The exhibition of Artists’ Jewellery was interesting but essentially unsatisfying. The individual pieces were sometimes astonishing but the lack of context and the complete absence of process in the display of the pieces meant that there was a much better exhibition waiting to be staged with the exhibits that the one that we saw.


Far more satisfying was the meal we had a lunch time in the excellently situated restaurant in MNAC. It was the first time that Suzanne had been there and she was much impressed.

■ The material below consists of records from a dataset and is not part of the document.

lemma sum_residue_corr_shift:
  assumes "0 < m"
  shows "(\<Sum>t<m. F (residue m (x + int t)) (residue m (int t + y)))
       = (\<Sum>t<m. F (residue m (x - y + int t)) t)"
proof -
  have "(\<Sum>t<m. F (residue m (x - y + int t)) t)
      = (\<Sum>t<m. F (residue m (x - y + int (residue m (int t + y)))) (residue m (int t + y)))"
    using sum_residue_shift[OF assms, of "\<lambda>t. F (residue m (x - y + int t)) t" y] by simp
  also have "\<dots> = (\<Sum>t<m. F (residue m (x + int t)) (residue m (int t + y)))"
    using assms by (simp add: residue_simps)
  finally show ?thesis ..
qed

lemma block_index_less:
  assumes "t < n3" and "c < n2"
  shows "t * n2 + c < n2 * (n3::nat)"
proof -
  have "t * n2 + c < (t + 1) * n2"
    using assms(2) by simp
  also have "\<dots> \<le> n3 * n2"
    using assms(1) by (intro mult_right_mono) simp_all
  finally show ?thesis
    by (simp add: mult.commute)
qed

lemma mat_mult_kron_perm_P_id:
  fixes M :: "nat \<Rightarrow> nat \<Rightarrow> 'a::semiring_1"
  assumes "0 < n3" and "j < n2 * n3"
  shows "mat_mult (n2 * n3) M (kron n2 n2 (perm_P n3) (mat_id n2)) i j
       = M i (((n3 - j div n2) mod n3) * n2 + j mod n2)"
proof -
  define l0 where "l0 = ((n3 - j div n2) mod n3) * n2 + j mod n2"
  have "0 < n2"
    using assms(2) by (cases n2) auto
  have jb: "j div n2 < n3"
    using assms(2) by (simp add: less_mult_imp_div_less mult.commute)
  have l0: "l0 < n2 * n3"
    unfolding l0_def using assms(1) \<open>0 < n2\<close> by (intro block_index_less) simp_all
  have column: "kron n2 n2 (perm_P n3) (mat_id n2) l j = (if l = l0 then 1 else (0::'a))"
    if "l < n2 * n3" for l
  proof -
    have "l div n2 < n3"
      using that by (simp add: less_mult_imp_div_less mult.commute)
    then have "j div n2 = (n3 - l div n2) mod n3 \<longleftrightarrow> l div n2 = (n3 - j div n2) mod n3"
      using jb by (cases "l div n2 = 0"; cases "j div n2 = 0") (auto simp: mod_if)
    moreover have "l = l0 \<longleftrightarrow> l div n2 = l0 div n2 \<and> l mod n2 = l0 mod n2"
      by (metis div_mult_mod_eq)
    ultimately show ?thesis
      using \<open>0 < n2\<close> by (auto simp: kron_def perm_P_def mat_id_def l0_def)
  qed
  have "mat_mult (n2 * n3) M (kron n2 n2 (perm_P n3) (mat_id n2)) i j
      = (\<Sum>l<n2 * n3. if l = l0 then M i l else 0)"
    unfolding mat_mult_def by (rule sum.cong) (simp_all add: column)
  also have "\<dots> = M i l0"
    using l0 by simp
  finally show ?thesis
    by (simp add: l0_def)
qed
text \<open>Words over the alphabet {0,1,2} are represented as lists of naturals.
  The image of a letter under alpha; letters outside {0,1,2} never occur.\<close>
definition alpha_letter :: "nat \<Rightarrow> nat list" where
  "alpha_letter a =
    (if a = 0 then [0,1,2,1,0,2,1,2,0,1,0,2,0,1,2,0,2,1,0,2,0,1,0,2,1,2,0,1,2,1,0]
     else if a = 1 then [1,2,0,2,1,0,2,0,1,2,1,0,1,2,0,1,0,2,1,0,1,2,1,0,2,0,1,2,0,2,1]
     else [2,0,1,0,2,1,0,1,2,0,2,1,2,0,1,2,1,0,2,1,2,0,2,1,0,1,2,0,1,0,2])"

definition alpha :: "nat list \<Rightarrow> nat list" where
  "alpha w = concat (map alpha_letter w)"

definition has_period :: "'a list \<Rightarrow> nat \<Rightarrow> bool" where
  "has_period x q \<longleftrightarrow> (\<forall>i. 1 \<le> i \<and> i \<le> length x - q \<longrightarrow> x ! (i - 1) = x ! (i - 1 + q))"

definition is_frac_power :: "'a list \<Rightarrow> nat \<Rightarrow> nat \<Rightarrow> bool" where
  "is_frac_power x p q \<longleftrightarrow> p > q \<and> q \<ge> 1 \<and> length x = p \<and> has_period x q"

definition factor_at :: "(nat \<Rightarrow> 'a) \<Rightarrow> nat \<Rightarrow> nat \<Rightarrow> 'a list" where
  "factor_at w i l = map (\<lambda>k. w (i + k)) [0..<l]"

end

theory Submission
  imports Defs
begin

text \<open>Each block \<open>\<alpha>(a)\<close> is \<open>\<alpha>(0)\<close> with every letter shifted by \<open>a\<close> modulo 3, so a letter at a
  known position of a block determines the block. Suppose the fixed point has a factor of length
  \<open>l\<close> and period \<open>q\<close> with \<open>4l > 7q\<close>. Periods \<open>q < 14\<close> are excluded by inspecting every window
  inside two consecutive blocks. For larger \<open>q\<close> the factor is at least \<open>q + 11\<close> long, and a
  finite check shows that the digrams occurring inside blocks locate the block boundaries within
  ten letters; hence the two copies of the repeated part lie at the same offset modulo 31, i.e.
  \<open>31 | q\<close>. The factor then desubstitutes to a factor with period \<open>q/31\<close> whose length is still
  more than \<open>7/4\<close> of its period, and induction on \<open>q\<close> concludes.\<close>

definition periodic_factor :: "(nat \<Rightarrow> 'a) \<Rightarrow> nat \<Rightarrow> nat \<Rightarrow> nat \<Rightarrow> bool" where
  "periodic_factor w s l q \<longleftrightarrow> (\<forall>k. k + q < l \<longrightarrow> w (s + k) = w (s + k + q))"

lemma has_period_factor_at_iff: "has_period (factor_at w s l) q \<longleftrightarrow> periodic_factor w s l q"
  unfolding has_period_def periodic_factor_def
proof (intro iffI allI impI)
  fix k assume "\<forall>i. 1 \<le> i \<and> i \<le> length (factor_at w s l) - q \<longrightarrow>
      factor_at w s l ! (i - 1) = factor_at w s l ! (i - 1 + q)" and "k + q < l"
  then show "w (s + k) = w (s + k + q)"
    by (auto simp: factor_at_def add.assoc dest: spec[of _ "Suc k"])
next
  fix i assume "\<forall>k. k + q < l \<longrightarrow> w (s + k) = w (s + k + q)"
    and "1 \<le> i \<and> i \<le> length (factor_at w s l) - q"
  then show "factor_at w s l ! (i - 1) = factor_at w s l ! (i - 1 + q)"
    by (auto simp: factor_at_def add.assoc dest: spec[of _ "i - 1"])
qed

lemma length_alpha_letter [simp]: "length (alpha_letter a) = 31"
  by (simp add: alpha_letter_def)

lemma alpha_letter_nth_less_3: "k < 31 \<Longrightarrow> alpha_letter a ! k < 3"
proof -
  assume "k < 31"
  then have "alpha_letter a ! k \<in> set (alpha_letter a)" by simp
  then show ?thesis by (auto simp: alpha_letter_def)
qed

lemma alpha_letter_first_last: "a < 3 \<Longrightarrow> alpha_letter a ! 0 = a \<and> alpha_letter a ! 30 = a"
  by (auto simp: alpha_letter_def less_Suc_eq numeral_eq_Suc)

text \<open>The finite checks are stated with \<open>list_all\<close>/\<open>list_ex\<close> over \<open>[0..<n]\<close> because
  \<open>code_simp\<close> evaluates bounded quantifiers over \<open>nat\<close> far more slowly.\<close>

lemma alpha_letter_adjacent_distinct:
  assumes "a < 3" "k < 30"
  shows "alpha_letter a ! k \<noteq> alpha_letter a ! Suc k"
proof -
  have "list_all (\<lambda>a. list_all (\<lambda>k. alpha_letter a ! k \<noteq> alpha_letter a ! Suc k) [0..<30]) [0..<3]"
    by code_simp
  then have "\<forall>a\<in>{0..<3}. \<forall>k\<in>{0..<30}. alpha_letter a ! k \<noteq> alpha_letter a ! Suc k"
    by (simp only: list_all_iff set_upt)
  with assms show ?thesis by simp
qed

lemma alpha_letter_nth_inject:
  assumes "a < 3" "b < 3" "k < 31" "alpha_letter a ! k = alpha_letter b ! k"
  shows "a = b"
proof -
  have "list_all (\<lambda>a. list_all (\<lambda>b. a = b \<or>
      list_all (\<lambda>k. alpha_letter a ! k \<noteq> alpha_letter b ! k) [0..<31]) [0..<3]) [0..<3]"
    by code_simp
  then have "\<forall>a\<in>{0..<3}. \<forall>b\<in>{0..<3}. a = b \<or>
      (\<forall>k\<in>{0..<31}. alpha_letter a ! k \<noteq> alpha_letter b ! k)"
    by (simp only: list_all_iff set_upt)
  with assms show ?thesis by (meson atLeastLessThan_iff zero_le)
qed

lemma two_blocks_no_short_period:
  assumes "a < 3" "b < 3" "a \<noteq> b" "r < 31" "1 \<le> q" "q < 14"
  shows "\<exists>k < 7 * q div 4 + 1 - q.
    (alpha_letter a @ alpha_letter b) ! (r + k) \<noteq> (alpha_letter a @ alpha_letter b) ! (r + k + q)"
proof -
  have "list_all (\<lambda>a. list_all (\<lambda>b. a = b \<or> list_all (\<lambda>r. list_all (\<lambda>q.
      list_ex (\<lambda>k. (alpha_letter a @ alpha_letter b) ! (r + k) \<noteq>
        (alpha_letter a @ alpha_letter b) ! (r + k + q)) [0..<7 * q div 4 + 1 - q])
      [1..<14]) [0..<31]) [0..<3]) [0..<3]"
    by code_simp
  then have "\<forall>a\<in>{0..<3}. \<forall>b\<in>{0..<3}. a = b \<or> (\<forall>r\<in>{0..<31}. \<forall>q\<in>{1..<14}.
      \<exists>k\<in>{0..<7 * q div 4 + 1 - q}. (alpha_letter a @ alpha_letter b) ! (r + k) \<noteq>
        (alpha_letter a @ alpha_letter b) ! (r + k + q))"
    by (simp only: list_all_iff list_ex_iff set_upt)
  then have "\<exists>k\<in>{0..<7 * q div 4 + 1 - q}. (alpha_letter a @ alpha_letter b) ! (r + k) \<noteq>
      (alpha_letter a @ alpha_letter b) ! (r + k + q)"
    using assms by (meson atLeastLessThan_iff zero_le)
  then show ?thesis by auto
qed

lemma alpha_letter_digrams_synchronize:
  assumes "r < 31" "r' < 31" "r \<noteq> r'"
  shows "\<exists>k<10. (r + k) mod 31 < 30 \<and> (r' + k) mod 31 < 30 \<and> (\<forall>a<3. \<forall>a'<3.
    alpha_letter a ! ((r + k) mod 31) \<noteq> alpha_letter a' ! ((r' + k) mod 31) \<or>
    alpha_letter a ! Suc ((r + k) mod 31) \<noteq> alpha_letter a' ! Suc ((r' + k) mod 31))"
proof -
  have "list_all (\<lambda>r. list_all (\<lambda>r'. r = r' \<or> list_ex (\<lambda>k.
      (r + k) mod 31 < 30 \<and> (r' + k) mod 31 < 30 \<and> list_all (\<lambda>a. list_all (\<lambda>a'.
        alpha_letter a ! ((r + k) mod 31) \<noteq> alpha_letter a' ! ((r' + k) mod 31) \<or>
        alpha_letter a ! Suc ((r + k) mod 31) \<noteq> alpha_letter a' ! Suc ((r' + k) mod 31))
      [0..<3]) [0..<3]) [0..<10]) [0..<31]) [0..<31]"
    by code_simp
  then have "\<forall>r\<in>{0..<31}. \<forall>r'\<in>{0..<31}. r = r' \<or> (\<exists>k\<in>{0..<10}.
      (r + k) mod 31 < 30 \<and> (r' + k) mod 31 < 30 \<and> (\<forall>a\<in>{0..<3}. \<forall>a'\<in>{0..<3}.
        alpha_letter a ! ((r + k) mod 31) \<noteq> alpha_letter a' ! ((r' + k) mod 31) \<or>
        alpha_letter a ! Suc ((r + k) mod 31) \<noteq> alpha_letter a' ! Suc ((r' + k) mod 31)))"
    by (simp only: list_all_iff list_ex_iff set_upt)
  then have "\<exists>k\<in>{0..<10}.
      (r + k) mod 31 < 30 \<and> (r' + k) mod 31 < 30 \<and> (\<forall>a\<in>{0..<3}. \<forall>a'\<in>{0..<3}.
        alpha_letter a ! ((r + k) mod 31) \<noteq> alpha_letter a' ! ((r' + k) mod 31) \<or>
        alpha_letter a ! Suc ((r + k) mod 31) \<noteq> alpha_letter a' ! Suc ((r' + k) mod 31))"
    using assms by (meson atLeastLessThan_iff zero_le)
  then show ?thesis by auto
qed

locale alpha_fixpoint =
  fixes w :: "nat \<Rightarrow> nat"
  assumes w_block: "k < 31 \<Longrightarrow> w (31 * j + k) = alpha_letter (w j) ! k"
begin

lemma w_nth: "w n = alpha_letter (w (n div 31)) ! (n mod 31)"
  using w_block[of "n mod 31" "n div 31"] by simp

lemma w_less_3: "w n < 3"
  using w_nth[of n] alpha_letter_nth_less_3[of "n mod 31"] by simp

lemma w_Suc_nth: "n mod 31 < 30 \<Longrightarrow> w (Suc n) = alpha_letter (w (n div 31)) ! Suc (n mod 31)"
  using w_block[of "Suc (n mod 31)" "n div 31"] by (simp add: mult.commute)

lemma w_two_blocks: "n < 62 \<Longrightarrow> w (31 * j + n) = (alpha_letter (w j) @ alpha_letter (w (Suc j))) ! n"
  using w_block[of n j] w_block[of "n - 31" "Suc j"] by (auto simp: nth_append)

lemma w_adjacent_distinct: "w n \<noteq> w (Suc n)"
proof (induction n rule: less_induct)
  case (less n)
  show ?case
  proof (cases "n mod 31 < 30")
    case True
    then show ?thesis
      using w_nth[of n] w_Suc_nth[OF True] alpha_letter_adjacent_distinct[OF w_less_3 True] by simp
  next
    case False
    define m where "m = n div 31"
    have "n mod 31 = 30" using False mod_less_divisor[of 31 n] by linarith
    then have n: "n = 31 * m + 30" using mult_div_mod_eq[of 31 n] by (simp add: m_def)
    then have "Suc n = 31 * Suc m + 0" by simp
    then have "w (Suc n) = alpha_letter (w (Suc m)) ! 0" by (simp only: w_block)
    moreover have "w n = alpha_letter (w m) ! 30" using n w_block[of 30 m] by simp
    ultimately have "w n = w m" "w (Suc n) = w (Suc m)"
      using alpha_letter_first_last[OF w_less_3] by simp_all
    moreover have "m < n" using n by simp
    ultimately show ?thesis using less.IH by metis
  qed
qed

lemma short_period_bound:
  assumes "periodic_factor w s l q" "1 \<le> q" "q < 14"
  shows "4 * l \<le> 7 * q"
proof (rule ccontr)
  assume "\<not> 4 * l \<le> 7 * q"
  then have l: "7 * q div 4 < l" by linarith
  define j r where "j = s div 31" and "r = s mod 31"
  have s: "s = 31 * j + r" and "r < 31" by (auto simp: j_def r_def)
  obtain k where k: "k < 7 * q div 4 + 1 - q"
    "(alpha_letter (w j) @ alpha_letter (w (Suc j))) ! (r + k) \<noteq>
     (alpha_letter (w j) @ alpha_letter (w (Suc j))) ! (r + k + q)"
    using two_blocks_no_short_period[OF w_less_3 w_less_3 w_adjacent_distinct \<open>r < 31\<close> assms(2,3)]
    by blast
  have "r + k + q < 62" using k(1) \<open>r < 31\<close> \<open>q < 14\<close> by linarith
  then have "w (s + k) \<noteq> w (s + k + q)"
    using k(2) w_two_blocks[of "r + k" j] w_two_blocks[of "r + k + q" j] by (simp add: s add.assoc)
  moreover have "k + q < l" using k(1) l by linarith
  ultimately show False using assms(1) by (simp add: periodic_factor_def)
qed

lemma periodic_factor_synchronizes:
  assumes "periodic_factor w s l q" "q + 11 \<le> l"
  shows "31 dvd q"
proof (rule ccontr)
  assume "\<not> 31 dvd q"
  define r r' where "r = s mod 31" and "r' = (s + q) mod 31"
  have "r \<noteq> r'"
    using \<open>\<not> 31 dvd q\<close> mod_eq_dvd_iff_nat[of s "s + q" 31] by (auto simp: r_def r'_def)
  then obtain k where "k < 10" and k: "(r + k) mod 31 < 30" "(r' + k) mod 31 < 30"
    "\<And>a a'. a < 3 \<Longrightarrow> a' < 3 \<Longrightarrow>
      alpha_letter a ! ((r + k) mod 31) \<noteq> alpha_letter a' ! ((r' + k) mod 31) \<or>
      alpha_letter a ! Suc ((r + k) mod 31) \<noteq> alpha_letter a' ! Suc ((r' + k) mod 31)"
    using alpha_letter_digrams_synchronize[of r r'] by (auto simp: r_def r'_def)
  define n n' where "n = s + k" and "n' = s + k + q"
  have offsets: "n mod 31 = (r + k) mod 31" "n' mod 31 = (r' + k) mod 31"
    by (simp_all add: n_def n'_def r_def r'_def mod_add_left_eq mod_add_right_eq add_ac)
  have "k + q < l" "Suc k + q < l" using assms(2) \<open>k < 10\<close> by linarith+
  then have "w (s + k) = w (s + k + q)" "w (s + Suc k) = w (s + Suc k + q)"
    using assms(1) unfolding periodic_factor_def by blast+
  then have "w n = w n'" "w (Suc n) = w (Suc n')" by (simp_all add: n_def n'_def)
  moreover have "w n = alpha_letter (w (n div 31)) ! ((r + k) mod 31)"
    "w (Suc n) = alpha_letter (w (n div 31)) ! Suc ((r + k) mod 31)"
    "w n' = alpha_letter (w (n' div 31)) ! ((r' + k) mod 31)"
    "w (Suc n') = alpha_letter (w (n' div 31)) ! Suc ((r' + k) mod 31)"
    using w_nth[of n] w_Suc_nth[of n] w_nth[of n'] w_Suc_nth[of n'] k(1,2) offsets by simp_all
  moreover have "alpha_letter (w (n div 31)) ! ((r + k) mod 31) \<noteq>
      alpha_letter (w (n' div 31)) ! ((r' + k) mod 31) \<or>
    alpha_letter (w (n div 31)) ! Suc ((r + k) mod 31) \<noteq>
      alpha_letter (w (n' div 31)) ! Suc ((r' + k) mod 31)"
    using k(3) w_less_3 by blast
  ultimately show False by argo
qed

Although today was bright it was very cold and there was a warm wintery selection from the menu to combat the weather which Suzanne chose: chestnut cream soup and fillet of dory with a pil-pil sauce. I, on the other hand, went for a defiantly summery choice of salad of caramelized apple with tuna belly followed by carpaccio of cod. My sweet of ice cream seemed more than fitting. At least the coffee was hot.


The real success of our cultural foray was the exhibition in the MirĂ³ foundation which was “Let us face the future” British Art 1945 to 1968.


This is a major exhibition with an astonishing range of paintings from Hockney to Sutherland taking in some iconic paintings from the period along the way.


It was one of those exhibitions where one (well, I) emit little squeaks of pleasure and surprise as a new delight comes into view. Delicate drawings by Hepworth and Moore contrast with the impasto of Auerbach and Kossoff while the figurative is pushed into other worldliness by Freud and Bacon.


Delicate landscapes from Pasmore and Nicholson in the 40’s are contrasted with later works including Pasmore’s “The Snowstorm: Spiral motif in Black and White” of 1951. There are a couple of delicately crude Kitajs; wavey Rileys and grotesque Hamiltons – including the wonderfully named, “Portrait of Hugh Gaitskell as a Famous Monster of Filmland” of 1964.


All in all an exhibition to return to and one for which I do not begrudge the cost of the (hardback!) catalogue – especially as I was given a small reduction in its price for sheer unadulterated cheek!


As the catalogue is in Catalan there is even less encouragement for me to let my eye slip from the pictures into the morass of incomprehensible text. But I will make the effort. Especially as it might be the sort of exhibition to which we could take the kids.


Now its time for me to read by phone before bed!